---- Data

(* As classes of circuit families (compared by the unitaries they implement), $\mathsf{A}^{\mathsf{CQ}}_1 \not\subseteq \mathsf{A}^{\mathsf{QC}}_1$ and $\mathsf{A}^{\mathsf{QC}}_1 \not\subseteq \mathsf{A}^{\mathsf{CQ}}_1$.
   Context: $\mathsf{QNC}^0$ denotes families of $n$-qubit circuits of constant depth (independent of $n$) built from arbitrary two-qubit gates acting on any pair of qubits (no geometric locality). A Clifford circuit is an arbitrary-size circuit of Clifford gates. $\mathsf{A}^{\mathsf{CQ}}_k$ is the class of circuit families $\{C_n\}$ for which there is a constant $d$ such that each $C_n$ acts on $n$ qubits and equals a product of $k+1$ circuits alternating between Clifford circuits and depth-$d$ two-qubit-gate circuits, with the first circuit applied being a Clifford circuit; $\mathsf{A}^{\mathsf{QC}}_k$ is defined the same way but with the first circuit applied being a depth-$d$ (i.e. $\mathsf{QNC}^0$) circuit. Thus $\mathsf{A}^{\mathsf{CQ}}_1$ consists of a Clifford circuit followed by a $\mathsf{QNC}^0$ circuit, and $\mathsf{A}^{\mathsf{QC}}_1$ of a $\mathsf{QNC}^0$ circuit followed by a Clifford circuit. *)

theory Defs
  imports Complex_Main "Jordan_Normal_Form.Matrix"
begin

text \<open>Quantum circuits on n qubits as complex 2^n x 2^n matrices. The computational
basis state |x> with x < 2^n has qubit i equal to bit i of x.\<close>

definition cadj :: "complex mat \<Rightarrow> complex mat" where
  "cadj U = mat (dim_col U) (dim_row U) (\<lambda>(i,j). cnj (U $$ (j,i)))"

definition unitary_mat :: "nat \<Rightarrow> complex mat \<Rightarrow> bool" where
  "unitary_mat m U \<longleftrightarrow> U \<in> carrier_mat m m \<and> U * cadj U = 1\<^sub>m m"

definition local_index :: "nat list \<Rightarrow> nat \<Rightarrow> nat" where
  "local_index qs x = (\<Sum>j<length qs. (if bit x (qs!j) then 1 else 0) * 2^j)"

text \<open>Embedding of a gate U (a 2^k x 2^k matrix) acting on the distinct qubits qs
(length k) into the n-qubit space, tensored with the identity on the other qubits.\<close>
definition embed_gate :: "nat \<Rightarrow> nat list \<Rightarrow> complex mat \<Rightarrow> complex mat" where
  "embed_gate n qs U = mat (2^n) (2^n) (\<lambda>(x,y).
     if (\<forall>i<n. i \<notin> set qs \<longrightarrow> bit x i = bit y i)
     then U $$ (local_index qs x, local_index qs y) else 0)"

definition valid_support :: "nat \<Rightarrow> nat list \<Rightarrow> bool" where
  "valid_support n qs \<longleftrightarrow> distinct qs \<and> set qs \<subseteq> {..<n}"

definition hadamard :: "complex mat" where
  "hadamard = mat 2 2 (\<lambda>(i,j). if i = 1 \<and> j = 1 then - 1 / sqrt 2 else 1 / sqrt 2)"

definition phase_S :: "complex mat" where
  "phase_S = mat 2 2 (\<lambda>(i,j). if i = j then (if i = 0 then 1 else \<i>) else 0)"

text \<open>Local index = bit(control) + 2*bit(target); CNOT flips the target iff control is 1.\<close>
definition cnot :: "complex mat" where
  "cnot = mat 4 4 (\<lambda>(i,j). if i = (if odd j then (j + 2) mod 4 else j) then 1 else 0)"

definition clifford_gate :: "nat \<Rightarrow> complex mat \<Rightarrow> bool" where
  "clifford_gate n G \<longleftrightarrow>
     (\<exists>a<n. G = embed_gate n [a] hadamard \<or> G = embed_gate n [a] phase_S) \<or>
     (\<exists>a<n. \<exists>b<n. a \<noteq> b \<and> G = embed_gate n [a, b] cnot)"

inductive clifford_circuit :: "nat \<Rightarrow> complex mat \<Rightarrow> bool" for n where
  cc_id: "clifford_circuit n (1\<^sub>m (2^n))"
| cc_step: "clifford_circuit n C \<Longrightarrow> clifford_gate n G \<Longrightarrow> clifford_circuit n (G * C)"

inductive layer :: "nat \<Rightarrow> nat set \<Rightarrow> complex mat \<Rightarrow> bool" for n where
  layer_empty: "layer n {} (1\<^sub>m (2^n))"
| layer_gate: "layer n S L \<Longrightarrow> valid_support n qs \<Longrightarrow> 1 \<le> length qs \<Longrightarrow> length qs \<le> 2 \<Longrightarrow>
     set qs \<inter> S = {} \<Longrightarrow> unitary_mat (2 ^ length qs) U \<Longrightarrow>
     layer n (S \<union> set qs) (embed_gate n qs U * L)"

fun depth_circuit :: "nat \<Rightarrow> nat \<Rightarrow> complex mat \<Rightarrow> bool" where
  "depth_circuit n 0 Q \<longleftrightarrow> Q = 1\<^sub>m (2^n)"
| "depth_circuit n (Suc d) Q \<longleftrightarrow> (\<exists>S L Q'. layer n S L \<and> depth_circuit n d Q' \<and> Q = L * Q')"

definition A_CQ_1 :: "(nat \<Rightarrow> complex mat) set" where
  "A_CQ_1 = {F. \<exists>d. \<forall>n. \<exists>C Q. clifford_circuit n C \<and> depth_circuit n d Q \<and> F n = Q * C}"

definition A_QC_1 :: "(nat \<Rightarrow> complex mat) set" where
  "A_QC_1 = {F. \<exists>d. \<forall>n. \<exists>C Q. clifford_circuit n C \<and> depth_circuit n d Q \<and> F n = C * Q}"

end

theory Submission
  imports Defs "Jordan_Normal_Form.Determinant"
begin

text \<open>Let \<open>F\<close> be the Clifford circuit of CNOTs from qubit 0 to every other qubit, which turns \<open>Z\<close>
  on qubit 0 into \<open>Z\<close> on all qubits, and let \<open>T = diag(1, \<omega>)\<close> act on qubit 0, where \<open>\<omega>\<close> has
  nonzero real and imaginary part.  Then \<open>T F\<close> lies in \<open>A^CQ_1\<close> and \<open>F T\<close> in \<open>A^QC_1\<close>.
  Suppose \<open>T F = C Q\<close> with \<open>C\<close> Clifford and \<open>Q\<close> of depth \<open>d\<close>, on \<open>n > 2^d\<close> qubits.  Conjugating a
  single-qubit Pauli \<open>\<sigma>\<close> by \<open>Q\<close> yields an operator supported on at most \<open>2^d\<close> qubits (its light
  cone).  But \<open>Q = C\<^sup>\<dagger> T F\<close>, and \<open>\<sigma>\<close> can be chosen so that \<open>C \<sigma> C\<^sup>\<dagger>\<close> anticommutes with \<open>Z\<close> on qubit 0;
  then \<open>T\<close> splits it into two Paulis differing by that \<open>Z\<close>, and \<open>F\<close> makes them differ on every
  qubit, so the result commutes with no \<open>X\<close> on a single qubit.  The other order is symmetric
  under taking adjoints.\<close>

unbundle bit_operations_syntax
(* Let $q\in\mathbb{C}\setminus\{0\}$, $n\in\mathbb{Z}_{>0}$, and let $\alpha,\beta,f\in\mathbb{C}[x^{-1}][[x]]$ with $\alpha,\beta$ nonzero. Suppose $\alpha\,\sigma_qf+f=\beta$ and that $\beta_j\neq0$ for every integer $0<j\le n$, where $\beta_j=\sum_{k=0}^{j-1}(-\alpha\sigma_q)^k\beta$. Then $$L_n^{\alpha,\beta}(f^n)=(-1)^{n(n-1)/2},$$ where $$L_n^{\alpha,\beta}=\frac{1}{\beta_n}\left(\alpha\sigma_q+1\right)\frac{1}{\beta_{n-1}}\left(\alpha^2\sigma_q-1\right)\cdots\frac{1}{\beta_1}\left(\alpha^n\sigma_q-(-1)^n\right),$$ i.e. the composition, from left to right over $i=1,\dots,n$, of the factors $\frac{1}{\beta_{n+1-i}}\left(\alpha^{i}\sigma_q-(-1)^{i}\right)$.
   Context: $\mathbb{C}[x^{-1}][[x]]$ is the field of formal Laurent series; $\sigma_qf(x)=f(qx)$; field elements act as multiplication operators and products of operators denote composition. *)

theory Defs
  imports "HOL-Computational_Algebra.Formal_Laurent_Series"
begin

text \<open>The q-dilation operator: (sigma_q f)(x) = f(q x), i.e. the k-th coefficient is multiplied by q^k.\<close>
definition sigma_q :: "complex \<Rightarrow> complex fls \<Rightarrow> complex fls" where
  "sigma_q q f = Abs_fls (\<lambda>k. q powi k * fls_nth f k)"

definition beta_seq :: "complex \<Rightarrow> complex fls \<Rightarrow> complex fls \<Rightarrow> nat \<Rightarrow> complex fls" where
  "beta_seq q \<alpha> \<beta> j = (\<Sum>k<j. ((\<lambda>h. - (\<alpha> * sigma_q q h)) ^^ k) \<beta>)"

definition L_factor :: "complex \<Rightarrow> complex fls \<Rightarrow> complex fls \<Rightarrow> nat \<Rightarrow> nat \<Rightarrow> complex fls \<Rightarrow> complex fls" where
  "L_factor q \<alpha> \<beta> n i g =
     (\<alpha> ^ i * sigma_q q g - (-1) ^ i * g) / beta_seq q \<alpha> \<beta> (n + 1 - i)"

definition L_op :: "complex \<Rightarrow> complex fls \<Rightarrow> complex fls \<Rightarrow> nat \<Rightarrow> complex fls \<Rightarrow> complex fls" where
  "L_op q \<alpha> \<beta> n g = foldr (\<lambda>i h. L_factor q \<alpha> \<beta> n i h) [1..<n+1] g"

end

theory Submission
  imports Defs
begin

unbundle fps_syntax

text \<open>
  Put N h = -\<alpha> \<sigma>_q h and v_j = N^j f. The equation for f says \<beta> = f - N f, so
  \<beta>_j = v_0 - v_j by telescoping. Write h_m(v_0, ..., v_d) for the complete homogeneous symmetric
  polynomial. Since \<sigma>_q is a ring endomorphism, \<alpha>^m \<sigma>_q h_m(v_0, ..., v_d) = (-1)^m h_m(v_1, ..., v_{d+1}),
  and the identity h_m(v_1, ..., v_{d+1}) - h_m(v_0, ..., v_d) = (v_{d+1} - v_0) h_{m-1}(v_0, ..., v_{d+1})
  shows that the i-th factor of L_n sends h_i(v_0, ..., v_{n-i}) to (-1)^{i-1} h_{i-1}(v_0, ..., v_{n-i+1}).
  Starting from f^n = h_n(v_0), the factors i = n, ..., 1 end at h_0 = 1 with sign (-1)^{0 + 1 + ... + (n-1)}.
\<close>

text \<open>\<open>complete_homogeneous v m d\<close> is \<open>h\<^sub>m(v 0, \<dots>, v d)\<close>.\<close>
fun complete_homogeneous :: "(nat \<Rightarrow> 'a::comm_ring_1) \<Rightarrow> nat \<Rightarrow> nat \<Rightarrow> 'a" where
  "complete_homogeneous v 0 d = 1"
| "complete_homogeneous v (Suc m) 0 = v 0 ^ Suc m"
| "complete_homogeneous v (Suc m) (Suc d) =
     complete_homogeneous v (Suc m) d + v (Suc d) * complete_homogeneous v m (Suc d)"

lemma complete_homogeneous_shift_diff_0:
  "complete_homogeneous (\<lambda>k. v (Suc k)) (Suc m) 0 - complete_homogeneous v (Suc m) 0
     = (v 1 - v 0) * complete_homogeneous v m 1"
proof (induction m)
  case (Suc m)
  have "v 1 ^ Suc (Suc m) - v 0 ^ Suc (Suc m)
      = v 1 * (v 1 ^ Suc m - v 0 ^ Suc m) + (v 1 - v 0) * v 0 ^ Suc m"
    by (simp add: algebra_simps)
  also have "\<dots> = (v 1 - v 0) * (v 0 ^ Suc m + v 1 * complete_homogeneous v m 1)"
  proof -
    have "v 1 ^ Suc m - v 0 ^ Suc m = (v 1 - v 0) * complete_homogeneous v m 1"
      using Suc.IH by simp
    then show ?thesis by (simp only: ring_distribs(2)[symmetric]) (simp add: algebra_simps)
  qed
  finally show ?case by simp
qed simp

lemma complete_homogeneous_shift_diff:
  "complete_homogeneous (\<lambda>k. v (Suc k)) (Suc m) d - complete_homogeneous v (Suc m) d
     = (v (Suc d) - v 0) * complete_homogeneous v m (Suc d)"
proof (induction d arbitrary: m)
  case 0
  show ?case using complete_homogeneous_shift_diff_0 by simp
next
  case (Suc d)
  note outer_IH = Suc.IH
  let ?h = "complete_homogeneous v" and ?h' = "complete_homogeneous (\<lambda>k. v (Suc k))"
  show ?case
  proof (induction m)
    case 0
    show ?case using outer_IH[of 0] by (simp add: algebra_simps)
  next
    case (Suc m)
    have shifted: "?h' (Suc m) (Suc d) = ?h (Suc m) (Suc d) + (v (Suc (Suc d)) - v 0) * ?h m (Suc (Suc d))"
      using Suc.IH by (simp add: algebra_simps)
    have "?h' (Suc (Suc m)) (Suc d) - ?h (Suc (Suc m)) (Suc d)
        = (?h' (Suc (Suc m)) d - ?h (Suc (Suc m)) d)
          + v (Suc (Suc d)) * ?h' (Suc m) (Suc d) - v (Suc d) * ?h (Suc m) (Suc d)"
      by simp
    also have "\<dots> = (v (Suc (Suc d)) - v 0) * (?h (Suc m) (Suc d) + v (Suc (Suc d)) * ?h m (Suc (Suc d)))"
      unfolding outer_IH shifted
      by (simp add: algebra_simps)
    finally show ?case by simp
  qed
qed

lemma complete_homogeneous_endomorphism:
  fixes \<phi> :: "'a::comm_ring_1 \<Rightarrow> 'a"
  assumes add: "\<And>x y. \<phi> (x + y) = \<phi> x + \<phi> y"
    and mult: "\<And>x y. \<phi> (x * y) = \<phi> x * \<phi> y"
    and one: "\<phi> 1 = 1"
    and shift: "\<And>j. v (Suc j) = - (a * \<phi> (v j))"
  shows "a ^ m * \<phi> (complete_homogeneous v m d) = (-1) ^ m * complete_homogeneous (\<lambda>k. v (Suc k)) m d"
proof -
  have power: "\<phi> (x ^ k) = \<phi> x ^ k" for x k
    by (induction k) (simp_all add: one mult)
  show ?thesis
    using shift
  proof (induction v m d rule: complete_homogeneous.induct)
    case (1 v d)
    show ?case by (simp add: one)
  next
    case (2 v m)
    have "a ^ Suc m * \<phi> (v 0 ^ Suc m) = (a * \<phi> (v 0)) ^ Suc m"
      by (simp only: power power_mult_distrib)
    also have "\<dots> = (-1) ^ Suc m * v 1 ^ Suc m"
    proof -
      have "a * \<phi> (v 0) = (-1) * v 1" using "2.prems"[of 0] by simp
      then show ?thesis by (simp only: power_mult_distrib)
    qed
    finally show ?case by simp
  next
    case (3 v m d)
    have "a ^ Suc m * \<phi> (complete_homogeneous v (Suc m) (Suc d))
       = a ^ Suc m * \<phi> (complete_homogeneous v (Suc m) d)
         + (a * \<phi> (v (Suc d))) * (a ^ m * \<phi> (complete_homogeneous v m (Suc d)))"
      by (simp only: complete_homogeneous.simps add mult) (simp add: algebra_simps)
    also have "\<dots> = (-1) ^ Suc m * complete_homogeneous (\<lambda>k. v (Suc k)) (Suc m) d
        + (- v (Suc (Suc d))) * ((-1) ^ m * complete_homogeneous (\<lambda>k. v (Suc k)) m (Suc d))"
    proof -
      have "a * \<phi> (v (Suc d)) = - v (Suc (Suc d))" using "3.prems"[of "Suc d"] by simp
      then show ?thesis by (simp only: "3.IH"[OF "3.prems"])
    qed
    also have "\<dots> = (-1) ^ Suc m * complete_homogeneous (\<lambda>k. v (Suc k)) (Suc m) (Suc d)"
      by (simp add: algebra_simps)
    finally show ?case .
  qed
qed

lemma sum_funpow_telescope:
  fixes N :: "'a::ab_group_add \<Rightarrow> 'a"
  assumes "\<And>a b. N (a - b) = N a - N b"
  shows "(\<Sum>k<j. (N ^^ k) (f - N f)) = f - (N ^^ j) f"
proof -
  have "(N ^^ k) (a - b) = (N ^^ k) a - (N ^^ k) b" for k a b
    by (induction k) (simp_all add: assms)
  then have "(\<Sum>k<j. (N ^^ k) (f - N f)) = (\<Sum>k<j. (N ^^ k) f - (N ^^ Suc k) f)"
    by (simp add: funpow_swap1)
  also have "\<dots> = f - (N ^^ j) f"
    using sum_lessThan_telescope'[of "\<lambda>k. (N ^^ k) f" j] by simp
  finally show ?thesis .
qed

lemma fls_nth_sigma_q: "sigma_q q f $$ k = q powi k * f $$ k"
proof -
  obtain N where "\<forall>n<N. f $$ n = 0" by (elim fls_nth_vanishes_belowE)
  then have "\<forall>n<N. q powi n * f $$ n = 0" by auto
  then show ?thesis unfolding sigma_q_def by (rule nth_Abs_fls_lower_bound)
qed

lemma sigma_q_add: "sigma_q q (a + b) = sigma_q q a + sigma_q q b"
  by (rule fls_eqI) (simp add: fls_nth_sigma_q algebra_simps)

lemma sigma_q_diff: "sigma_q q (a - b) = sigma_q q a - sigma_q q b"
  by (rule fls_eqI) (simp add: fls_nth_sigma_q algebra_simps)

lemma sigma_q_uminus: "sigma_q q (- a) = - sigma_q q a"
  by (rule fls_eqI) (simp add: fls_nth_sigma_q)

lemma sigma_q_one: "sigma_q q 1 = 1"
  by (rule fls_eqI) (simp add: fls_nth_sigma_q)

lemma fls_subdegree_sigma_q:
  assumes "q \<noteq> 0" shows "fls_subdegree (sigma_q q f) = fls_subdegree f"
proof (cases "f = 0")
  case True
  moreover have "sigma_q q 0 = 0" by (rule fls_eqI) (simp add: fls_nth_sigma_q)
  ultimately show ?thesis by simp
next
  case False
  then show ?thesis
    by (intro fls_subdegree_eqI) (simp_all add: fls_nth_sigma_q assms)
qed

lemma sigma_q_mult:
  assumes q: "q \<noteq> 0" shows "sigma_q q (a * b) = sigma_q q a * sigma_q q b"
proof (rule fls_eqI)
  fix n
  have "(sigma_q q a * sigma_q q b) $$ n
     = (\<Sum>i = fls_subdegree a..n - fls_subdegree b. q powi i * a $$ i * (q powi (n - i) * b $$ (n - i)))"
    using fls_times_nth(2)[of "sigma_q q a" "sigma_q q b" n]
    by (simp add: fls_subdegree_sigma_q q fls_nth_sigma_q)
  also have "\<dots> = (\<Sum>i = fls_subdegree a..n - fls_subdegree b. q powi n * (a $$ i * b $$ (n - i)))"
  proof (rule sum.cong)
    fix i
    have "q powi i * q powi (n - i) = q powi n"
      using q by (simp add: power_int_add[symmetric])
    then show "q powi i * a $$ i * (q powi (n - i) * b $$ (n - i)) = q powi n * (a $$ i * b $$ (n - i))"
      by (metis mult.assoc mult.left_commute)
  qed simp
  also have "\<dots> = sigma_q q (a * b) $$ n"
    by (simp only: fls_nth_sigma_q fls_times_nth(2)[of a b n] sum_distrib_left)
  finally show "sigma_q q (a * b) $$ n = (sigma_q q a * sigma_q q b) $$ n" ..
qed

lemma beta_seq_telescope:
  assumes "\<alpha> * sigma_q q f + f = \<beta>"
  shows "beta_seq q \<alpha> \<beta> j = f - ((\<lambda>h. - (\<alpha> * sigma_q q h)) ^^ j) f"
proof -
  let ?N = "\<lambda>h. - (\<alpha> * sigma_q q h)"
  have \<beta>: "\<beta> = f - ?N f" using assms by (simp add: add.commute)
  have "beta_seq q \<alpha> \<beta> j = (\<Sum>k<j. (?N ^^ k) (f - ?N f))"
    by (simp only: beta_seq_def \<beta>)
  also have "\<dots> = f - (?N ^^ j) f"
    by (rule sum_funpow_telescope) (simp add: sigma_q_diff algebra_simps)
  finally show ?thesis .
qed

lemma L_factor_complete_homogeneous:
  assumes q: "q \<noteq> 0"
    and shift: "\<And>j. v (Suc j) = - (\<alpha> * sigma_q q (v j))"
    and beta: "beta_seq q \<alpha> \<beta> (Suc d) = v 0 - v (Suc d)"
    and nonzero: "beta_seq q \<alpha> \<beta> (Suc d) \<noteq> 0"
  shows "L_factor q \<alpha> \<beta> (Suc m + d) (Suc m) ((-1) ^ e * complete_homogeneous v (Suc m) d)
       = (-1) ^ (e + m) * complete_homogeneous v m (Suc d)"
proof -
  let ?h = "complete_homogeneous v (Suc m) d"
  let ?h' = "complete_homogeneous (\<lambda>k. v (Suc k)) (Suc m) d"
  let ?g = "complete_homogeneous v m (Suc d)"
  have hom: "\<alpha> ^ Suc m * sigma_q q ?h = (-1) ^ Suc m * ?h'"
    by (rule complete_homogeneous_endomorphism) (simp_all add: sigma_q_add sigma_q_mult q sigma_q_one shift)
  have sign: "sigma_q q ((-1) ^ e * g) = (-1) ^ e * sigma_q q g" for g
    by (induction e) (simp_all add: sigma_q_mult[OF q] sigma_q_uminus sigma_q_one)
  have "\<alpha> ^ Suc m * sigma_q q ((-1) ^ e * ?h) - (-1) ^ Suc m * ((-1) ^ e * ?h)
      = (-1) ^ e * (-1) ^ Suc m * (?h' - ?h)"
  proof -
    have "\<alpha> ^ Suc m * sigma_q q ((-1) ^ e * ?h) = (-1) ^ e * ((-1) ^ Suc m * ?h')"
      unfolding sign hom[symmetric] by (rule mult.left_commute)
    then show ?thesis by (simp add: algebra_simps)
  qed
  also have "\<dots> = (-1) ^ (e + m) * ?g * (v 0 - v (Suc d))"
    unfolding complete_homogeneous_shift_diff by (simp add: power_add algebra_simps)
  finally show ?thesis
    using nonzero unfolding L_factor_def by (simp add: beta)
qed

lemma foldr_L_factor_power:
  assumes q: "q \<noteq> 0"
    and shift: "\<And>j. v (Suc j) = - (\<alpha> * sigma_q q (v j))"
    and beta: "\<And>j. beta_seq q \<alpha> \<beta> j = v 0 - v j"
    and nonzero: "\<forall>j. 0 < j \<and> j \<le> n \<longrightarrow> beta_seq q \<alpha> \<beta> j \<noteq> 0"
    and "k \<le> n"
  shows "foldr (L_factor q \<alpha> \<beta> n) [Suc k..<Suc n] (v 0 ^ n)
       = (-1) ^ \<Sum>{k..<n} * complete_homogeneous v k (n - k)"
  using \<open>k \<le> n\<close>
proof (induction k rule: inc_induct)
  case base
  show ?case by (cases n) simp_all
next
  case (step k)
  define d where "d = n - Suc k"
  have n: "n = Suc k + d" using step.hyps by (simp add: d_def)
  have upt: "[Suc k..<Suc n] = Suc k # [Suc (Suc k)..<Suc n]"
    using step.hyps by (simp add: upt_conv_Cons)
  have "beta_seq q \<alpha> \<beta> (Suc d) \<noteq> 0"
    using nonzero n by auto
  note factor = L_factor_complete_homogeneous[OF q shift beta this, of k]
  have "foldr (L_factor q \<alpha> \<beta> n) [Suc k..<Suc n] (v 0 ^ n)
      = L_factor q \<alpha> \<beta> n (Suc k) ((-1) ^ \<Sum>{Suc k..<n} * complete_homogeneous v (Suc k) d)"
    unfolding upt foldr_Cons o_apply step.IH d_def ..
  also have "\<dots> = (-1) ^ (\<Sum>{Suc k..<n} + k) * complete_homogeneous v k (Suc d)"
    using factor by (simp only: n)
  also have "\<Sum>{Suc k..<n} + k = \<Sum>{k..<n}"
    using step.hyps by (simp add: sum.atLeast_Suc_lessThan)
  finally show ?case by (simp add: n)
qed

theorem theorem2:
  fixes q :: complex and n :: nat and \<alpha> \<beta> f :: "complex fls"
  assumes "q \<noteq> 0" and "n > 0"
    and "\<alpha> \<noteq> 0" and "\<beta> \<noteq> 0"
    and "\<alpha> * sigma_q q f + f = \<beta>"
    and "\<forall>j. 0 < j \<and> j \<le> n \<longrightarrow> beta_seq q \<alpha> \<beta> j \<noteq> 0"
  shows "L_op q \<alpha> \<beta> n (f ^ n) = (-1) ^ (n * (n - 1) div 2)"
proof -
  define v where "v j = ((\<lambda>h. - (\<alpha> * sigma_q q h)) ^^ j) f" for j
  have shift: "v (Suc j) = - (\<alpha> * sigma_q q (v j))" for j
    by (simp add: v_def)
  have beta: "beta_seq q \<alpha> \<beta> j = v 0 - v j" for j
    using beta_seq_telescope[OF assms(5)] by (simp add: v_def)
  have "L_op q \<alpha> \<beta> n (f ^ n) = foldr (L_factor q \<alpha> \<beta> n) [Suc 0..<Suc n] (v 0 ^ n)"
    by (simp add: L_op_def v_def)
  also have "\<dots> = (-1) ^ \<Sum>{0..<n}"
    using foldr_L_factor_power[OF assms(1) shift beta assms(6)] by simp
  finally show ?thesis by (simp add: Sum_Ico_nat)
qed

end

--------

▶ **Exercise prompt**: Find all the lines with "auto" in the data and copy them.

▶ **Your response**:
  then have "\<forall>n<N. q powi n * f $$ n = 0" by auto
    using nonzero n by auto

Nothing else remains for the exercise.